Segment Start: Supplied records
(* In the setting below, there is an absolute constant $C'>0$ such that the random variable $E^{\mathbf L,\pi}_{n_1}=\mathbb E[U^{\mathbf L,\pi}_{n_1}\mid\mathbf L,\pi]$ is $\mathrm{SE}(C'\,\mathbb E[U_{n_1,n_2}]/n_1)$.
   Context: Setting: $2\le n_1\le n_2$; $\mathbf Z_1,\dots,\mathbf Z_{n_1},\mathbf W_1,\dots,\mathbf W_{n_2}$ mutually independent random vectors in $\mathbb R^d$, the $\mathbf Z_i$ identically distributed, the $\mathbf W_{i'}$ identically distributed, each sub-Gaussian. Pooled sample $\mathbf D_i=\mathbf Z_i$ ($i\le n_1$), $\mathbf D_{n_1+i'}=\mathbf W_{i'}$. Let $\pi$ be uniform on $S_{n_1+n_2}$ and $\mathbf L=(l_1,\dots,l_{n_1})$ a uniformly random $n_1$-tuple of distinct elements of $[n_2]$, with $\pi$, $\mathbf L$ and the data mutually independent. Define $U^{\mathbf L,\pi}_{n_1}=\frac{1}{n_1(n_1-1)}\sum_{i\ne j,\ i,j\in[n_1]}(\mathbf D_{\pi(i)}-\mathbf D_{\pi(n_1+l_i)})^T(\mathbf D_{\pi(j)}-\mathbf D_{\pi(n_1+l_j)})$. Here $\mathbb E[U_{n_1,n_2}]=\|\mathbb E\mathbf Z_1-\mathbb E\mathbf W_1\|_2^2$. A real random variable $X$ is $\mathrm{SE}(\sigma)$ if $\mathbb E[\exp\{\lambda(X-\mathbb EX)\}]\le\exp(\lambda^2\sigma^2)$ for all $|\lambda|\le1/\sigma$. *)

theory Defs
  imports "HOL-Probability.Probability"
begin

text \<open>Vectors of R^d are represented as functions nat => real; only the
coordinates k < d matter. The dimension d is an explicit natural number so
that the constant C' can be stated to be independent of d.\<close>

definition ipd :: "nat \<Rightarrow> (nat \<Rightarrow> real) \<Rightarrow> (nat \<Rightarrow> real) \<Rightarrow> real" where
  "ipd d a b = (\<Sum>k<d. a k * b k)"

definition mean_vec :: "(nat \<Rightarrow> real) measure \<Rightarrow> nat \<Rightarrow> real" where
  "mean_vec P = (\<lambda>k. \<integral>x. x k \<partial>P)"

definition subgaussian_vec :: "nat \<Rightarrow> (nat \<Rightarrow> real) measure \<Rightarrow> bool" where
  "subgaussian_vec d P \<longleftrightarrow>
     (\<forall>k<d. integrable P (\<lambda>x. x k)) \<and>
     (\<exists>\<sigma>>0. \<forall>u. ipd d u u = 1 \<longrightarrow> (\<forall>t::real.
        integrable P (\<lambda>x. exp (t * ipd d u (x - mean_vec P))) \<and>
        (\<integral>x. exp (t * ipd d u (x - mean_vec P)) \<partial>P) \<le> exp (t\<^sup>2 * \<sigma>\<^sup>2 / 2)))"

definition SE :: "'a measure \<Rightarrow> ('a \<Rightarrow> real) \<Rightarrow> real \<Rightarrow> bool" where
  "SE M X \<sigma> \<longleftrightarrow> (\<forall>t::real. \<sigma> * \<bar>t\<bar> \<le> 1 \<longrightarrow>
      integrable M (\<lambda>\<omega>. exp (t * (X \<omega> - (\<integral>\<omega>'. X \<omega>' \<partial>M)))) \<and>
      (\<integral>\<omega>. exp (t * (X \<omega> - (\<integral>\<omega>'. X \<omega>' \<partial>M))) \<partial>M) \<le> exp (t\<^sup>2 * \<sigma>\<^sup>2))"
Segment End: Supplied records
▸ **Task item**: The expected answer is the lines from the one containing "measure \<Rightarrow> ('a" through the end of the material, reproduced exactly with both ends kept.

▸ **Answer section**:
definition SE :: "'a measure \<Rightarrow> ('a \<Rightarrow> real) \<Rightarrow> real \<Rightarrow> bool" where
  "SE M X \<sigma> \<longleftrightarrow> (\<forall>t::real. \<sigma> * \<bar>t\<bar> \<le> 1 \<longrightarrow>
      integrable M (\<lambda>\<omega>. exp (t * (X \<omega> - (\<integral>\<omega>'. X \<omega>' \<partial>M)))) \<and>
      (\<integral>\<omega>. exp (t * (X \<omega> - (\<integral>\<omega>'. X \<omega>' \<partial>M))) \<partial>M) \<le> exp (t\<^sup>2 * \<sigma>\<^sup>2))"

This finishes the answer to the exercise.